• _Work required_
Collect from the data below each line with "where".

• _Input records_

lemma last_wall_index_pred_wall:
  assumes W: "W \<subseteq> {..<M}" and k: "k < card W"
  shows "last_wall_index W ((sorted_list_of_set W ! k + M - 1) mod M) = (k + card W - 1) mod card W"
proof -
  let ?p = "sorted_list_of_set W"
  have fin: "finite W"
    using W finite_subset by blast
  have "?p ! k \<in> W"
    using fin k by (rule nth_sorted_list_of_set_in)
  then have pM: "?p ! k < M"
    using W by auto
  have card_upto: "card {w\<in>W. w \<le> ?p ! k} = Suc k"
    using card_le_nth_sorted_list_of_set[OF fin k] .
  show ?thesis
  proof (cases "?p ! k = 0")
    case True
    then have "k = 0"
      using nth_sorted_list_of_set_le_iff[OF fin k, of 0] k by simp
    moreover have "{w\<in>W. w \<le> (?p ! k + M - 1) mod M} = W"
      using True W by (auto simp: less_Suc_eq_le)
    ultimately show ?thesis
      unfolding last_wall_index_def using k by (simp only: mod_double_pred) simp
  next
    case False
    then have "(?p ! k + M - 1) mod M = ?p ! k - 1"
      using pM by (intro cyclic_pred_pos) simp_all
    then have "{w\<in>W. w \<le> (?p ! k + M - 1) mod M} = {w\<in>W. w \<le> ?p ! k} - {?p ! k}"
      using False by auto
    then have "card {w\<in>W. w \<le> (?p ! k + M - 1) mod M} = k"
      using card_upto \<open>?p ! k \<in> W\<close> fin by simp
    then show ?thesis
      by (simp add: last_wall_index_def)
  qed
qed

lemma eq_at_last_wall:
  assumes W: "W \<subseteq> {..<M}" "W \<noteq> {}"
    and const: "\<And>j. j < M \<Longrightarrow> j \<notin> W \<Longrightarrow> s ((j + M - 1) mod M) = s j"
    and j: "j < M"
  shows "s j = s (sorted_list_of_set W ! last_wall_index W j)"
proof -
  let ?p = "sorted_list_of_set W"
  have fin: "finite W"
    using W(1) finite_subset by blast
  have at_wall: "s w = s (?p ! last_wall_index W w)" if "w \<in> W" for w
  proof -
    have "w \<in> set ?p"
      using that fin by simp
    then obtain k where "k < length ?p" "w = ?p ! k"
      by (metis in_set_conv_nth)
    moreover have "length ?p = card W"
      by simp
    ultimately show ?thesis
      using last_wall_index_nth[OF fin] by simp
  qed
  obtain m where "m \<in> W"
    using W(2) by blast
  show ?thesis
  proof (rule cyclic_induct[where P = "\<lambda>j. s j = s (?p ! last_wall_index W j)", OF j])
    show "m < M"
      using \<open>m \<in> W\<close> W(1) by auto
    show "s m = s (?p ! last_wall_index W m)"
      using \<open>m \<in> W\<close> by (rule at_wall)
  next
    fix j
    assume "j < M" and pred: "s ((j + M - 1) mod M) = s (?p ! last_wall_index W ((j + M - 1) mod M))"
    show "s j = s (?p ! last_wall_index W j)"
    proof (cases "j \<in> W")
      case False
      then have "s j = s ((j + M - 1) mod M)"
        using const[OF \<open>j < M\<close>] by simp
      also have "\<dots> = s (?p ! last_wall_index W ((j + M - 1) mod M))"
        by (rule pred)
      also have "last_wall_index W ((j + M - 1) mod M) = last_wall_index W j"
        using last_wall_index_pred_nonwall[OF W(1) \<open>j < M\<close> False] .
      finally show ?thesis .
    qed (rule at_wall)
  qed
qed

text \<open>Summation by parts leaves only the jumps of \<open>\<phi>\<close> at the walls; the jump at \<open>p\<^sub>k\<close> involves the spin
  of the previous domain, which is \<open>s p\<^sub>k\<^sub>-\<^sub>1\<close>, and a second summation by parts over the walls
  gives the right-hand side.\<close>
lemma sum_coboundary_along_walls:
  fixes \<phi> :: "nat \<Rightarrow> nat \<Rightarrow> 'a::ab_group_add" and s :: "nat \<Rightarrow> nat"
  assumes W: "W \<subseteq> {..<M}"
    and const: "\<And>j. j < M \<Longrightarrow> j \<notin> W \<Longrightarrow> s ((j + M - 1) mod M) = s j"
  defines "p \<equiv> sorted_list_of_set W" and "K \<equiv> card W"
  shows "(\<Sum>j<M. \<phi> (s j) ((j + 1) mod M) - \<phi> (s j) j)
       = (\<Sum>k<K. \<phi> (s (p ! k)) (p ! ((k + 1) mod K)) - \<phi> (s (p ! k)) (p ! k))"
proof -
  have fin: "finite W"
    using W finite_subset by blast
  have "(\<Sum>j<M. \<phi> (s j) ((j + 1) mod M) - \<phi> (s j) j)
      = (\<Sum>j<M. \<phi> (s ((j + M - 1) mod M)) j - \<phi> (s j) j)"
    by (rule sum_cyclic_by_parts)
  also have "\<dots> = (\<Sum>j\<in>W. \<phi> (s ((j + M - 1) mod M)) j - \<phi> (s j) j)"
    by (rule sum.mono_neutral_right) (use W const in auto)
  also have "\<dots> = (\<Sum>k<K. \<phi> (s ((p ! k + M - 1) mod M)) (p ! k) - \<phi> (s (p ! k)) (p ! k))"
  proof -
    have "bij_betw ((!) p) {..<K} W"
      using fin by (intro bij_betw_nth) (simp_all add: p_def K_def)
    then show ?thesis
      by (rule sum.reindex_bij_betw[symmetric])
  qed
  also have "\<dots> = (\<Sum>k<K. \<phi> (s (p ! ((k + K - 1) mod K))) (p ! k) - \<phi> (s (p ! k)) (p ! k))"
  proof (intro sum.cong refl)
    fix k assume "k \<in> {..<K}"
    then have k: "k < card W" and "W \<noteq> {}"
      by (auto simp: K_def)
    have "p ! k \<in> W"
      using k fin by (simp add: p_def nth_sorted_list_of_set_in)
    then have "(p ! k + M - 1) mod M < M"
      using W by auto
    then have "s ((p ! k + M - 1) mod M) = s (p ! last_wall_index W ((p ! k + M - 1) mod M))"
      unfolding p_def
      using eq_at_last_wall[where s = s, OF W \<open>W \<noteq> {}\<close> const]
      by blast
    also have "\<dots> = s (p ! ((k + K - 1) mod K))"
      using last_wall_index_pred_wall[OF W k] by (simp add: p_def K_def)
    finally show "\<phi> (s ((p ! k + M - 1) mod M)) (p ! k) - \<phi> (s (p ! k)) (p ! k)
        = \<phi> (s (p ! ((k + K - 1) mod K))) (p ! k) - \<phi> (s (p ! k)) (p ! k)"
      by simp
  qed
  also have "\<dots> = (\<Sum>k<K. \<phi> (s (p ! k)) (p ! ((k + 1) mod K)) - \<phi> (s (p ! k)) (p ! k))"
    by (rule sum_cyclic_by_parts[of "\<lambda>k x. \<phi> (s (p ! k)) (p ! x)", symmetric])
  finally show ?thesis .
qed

• _Task output_
    then obtain k where "k < length ?p" "w = ?p ! k"
  obtain m where "m \<in> W"
  proof (rule cyclic_induct[where P = "\<lambda>j. s j = s (?p ! last_wall_index W j)", OF j])
      using eq_at_last_wall[where s = s, OF W \<open>W \<noteq> {}\<close> const]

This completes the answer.